Gordon MacDonald (born 1967) works with photography as an artist, writer, curator, press photographer and educator.
He is the founding editor of Photoworks magazine and was head of publishing at Photoworks in Brighton. He co-founded Brighton Photo Fringe in 2003; and was for a time its chair of the board of trustees. He was co-founder and co-director, alongside Stuart Smith,[1] of the visual arts publisher GOST. MacDonald is also half of the collective MacDonaldStrand, with his wife Clare Strand.[2]
Life and work
MacDonald was born in East Kilbride, Scotland, in 1967. He worked in photography studios and as a professional photographic printer before studying for a BA in Editorial Photography at the University of Brighton in the 1990s.[3] He has also worked as a photographer, writer, photography curator, press photographer and educator.

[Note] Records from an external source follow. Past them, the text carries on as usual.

lemma edge_dst_reverse: "edge_dst (edge_reverse e) = edge_src e"
  unfolding edge_src_def edge_dst_def edge_reverse_def
  by (auto split: prod.splits simp: reinsert_reinsert)

lemma edge_weight_reverse: "edge_weight (edge_reverse e) = edge_weight e"
  unfolding edge_weight_def edge_reverse_def move_weight_def
  by (auto split: prod.splits simp: abs_minus_commute)

definition src_cost :: "nat \<Rightarrow> nat \<Rightarrow> ((nat \<Rightarrow> nat) \<Rightarrow> qvec) \<Rightarrow> edge \<Rightarrow> real" where
  "src_cost n w \<phi> e = (\<Sum>i<n. \<Sum>j<n. if cmp_differs (edge_src e) (edge_dst e) i j
     then edge_weight e * balance i j (edge_src e) (edge_dst e) * cell_norm w (\<phi> (edge_src e)) i j
     else 0)"

definition dst_cost :: "nat \<Rightarrow> nat \<Rightarrow> ((nat \<Rightarrow> nat) \<Rightarrow> qvec) \<Rightarrow> edge \<Rightarrow> real" where
  "dst_cost n w \<phi> e = (\<Sum>i<n. \<Sum>j<n. if cmp_differs (edge_src e) (edge_dst e) i j
     then edge_weight e * (cell_norm w (\<phi> (edge_dst e)) i j / balance i j (edge_src e) (edge_dst e))
     else 0)"

lemma edge_query_change_le:
  assumes e: "e \<in> edges n"
  shows "edge_weight e * cmod (qinner n w (query_gate (edge_src e) (\<phi> (edge_src e)))
                                         (query_gate (edge_dst e) (\<phi> (edge_dst e)))
                                - qinner n w (\<phi> (edge_src e)) (\<phi> (edge_dst e)))
     \<le> src_cost n w \<phi> e + dst_cost n w \<phi> e"
proof -
  let ?s = "edge_src e" and ?t = "edge_dst e"
  have "cmp_differs ?s ?t i j \<Longrightarrow> balance i j ?s ?t > 0" for i j
    by (rule balance_pos[OF edge_src_in_perms[OF e] edge_dst_in_perms[OF e]])
  from norm_query_gate_diff_le[where l = "\<lambda>i j. balance i j ?s ?t", OF this]
  have "edge_weight e * cmod (qinner n w (query_gate ?s (\<phi> ?s)) (query_gate ?t (\<phi> ?t))
                               - qinner n w (\<phi> ?s) (\<phi> ?t))
     \<le> edge_weight e * (\<Sum>i<n. \<Sum>j<n. if cmp_differs ?s ?t i j
          then balance i j ?s ?t * cell_norm w (\<phi> ?s) i j + cell_norm w (\<phi> ?t) i j / balance i j ?s ?t
          else 0)"
    by (rule mult_left_mono[OF _ edge_weight_nonneg])
  also have "\<dots> = src_cost n w \<phi> e + dst_cost n w \<phi> e"
    unfolding src_cost_def dst_cost_def sum_distrib_left sum.distrib[symmetric]
    by (intro sum.cong refl) (simp add: distrib_left mult.assoc)
  finally show ?thesis .
qed

text \<open>Reversing edges exchanges the two costs; this is the symmetry of the Schur test.\<close>

lemma src_cost_edge_reverse: "src_cost n w \<phi> (edge_reverse e) = dst_cost n w \<phi> e"
  unfolding src_cost_def dst_cost_def edge_src_reverse edge_dst_reverse edge_weight_reverse
    cmp_differs_commute[of "edge_dst e"] balance_commute[of _ _ "edge_dst e"]
  by (intro sum.cong refl) simp

lemma sum_dst_cost_eq_sum_src_cost:
  "(\<Sum>e\<in>edges n. dst_cost n w \<phi> e) = (\<Sum>e\<in>edges n. src_cost n w \<phi> e)"
  using sum.reindex_bij_betw[OF bij_betw_edge_reverse, of "src_cost n w \<phi>"]
  unfolding src_cost_edge_reverse .

lemma sum_src_cost_moves:
  "(\<Sum>x\<in>moves n \<sigma>. src_cost n w \<phi> (\<sigma>, x)) =
     (\<Sum>i<n. \<Sum>j<n. cell_norm w (\<phi> \<sigma>) i j * flip_weight n i j \<sigma>)"
proof -
  have "(\<Sum>x\<in>moves n \<sigma>. src_cost n w \<phi> (\<sigma>, x)) =
      (\<Sum>x\<in>moves n \<sigma>. \<Sum>i<n. \<Sum>j<n. cell_norm w (\<phi> \<sigma>) i j * flip_term \<sigma> i j (fst x) (snd x))"
    unfolding src_cost_def flip_term_def edge_src_def edge_dst_def edge_weight_def
    by (intro sum.cong refl) (simp add: mult_ac)
  also have "\<dots> = (\<Sum>i<n. \<Sum>j<n. \<Sum>x\<in>moves n \<sigma>. cell_norm w (\<phi> \<sigma>) i j * flip_term \<sigma> i j (fst x) (snd x))"
    by (rule trans[OF sum.swap], rule sum.cong[OF refl], rule sum.swap)
  finally show ?thesis
    unfolding flip_weight_def by (simp only: sum_distrib_left)
qed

MacDonald was also head of publishing at Photoworks, the Brighton-based organisation for contemporary photography.[5] He produced and edited his own It's Wrong to Wish on Space Hardware (2003) and The House in the Middle (2004), as well as Joachim Schmid: Photoworks 1982–2007 (2007); Anna Fox: Photographs 1983–2007 (2007); Fig. by Broomberg and Chanarin (2007), Stuart Griffiths: The Myth of the Airborne Warrior (2011),[6][3] and Daniel Meadows: Edited Photographs from the 70s and 80s (2011).
He co-founded Brighton Photo Fringe in 2003, the fringe festival to Brighton Photo Biennial; and was for a time its chair of the board of trustees.
MacDonald is half of the collective MacDonaldStrand, with wife Clare Strand, who make idea based projects. They live in Brighton and have three children.
Publications
The House in the Middle: Photographs of Interior Design in the Nuclear Age. Edited by MacDonald. Brighton: Photoworks, 2004. ISBN1-903796-14-8. Photographs by Danny Treacy, Paul Reas, John Kippin, Richard Billingham, Jo Broughton, Dirk Wackerfuss, Anne Hardy, John Paul Bichard, The Design Council Archive, the BBC Picture Library, the Collection of Chris Mullen, Protect and Survive and the Los Alamos National Library. Text by Althea Greenan. "Published to coincide with a Photoworks exhibition at the Towner Art Gallery, Eastbourne, in 2004." Edition of 1000 copies.
Divisive Moments, The Photographers' Gallery, London, 2017. Photographs, documents, books and tape-recordings from the archive of Lt. Colonel Wendelle C. Stevens.[8][9][10][11]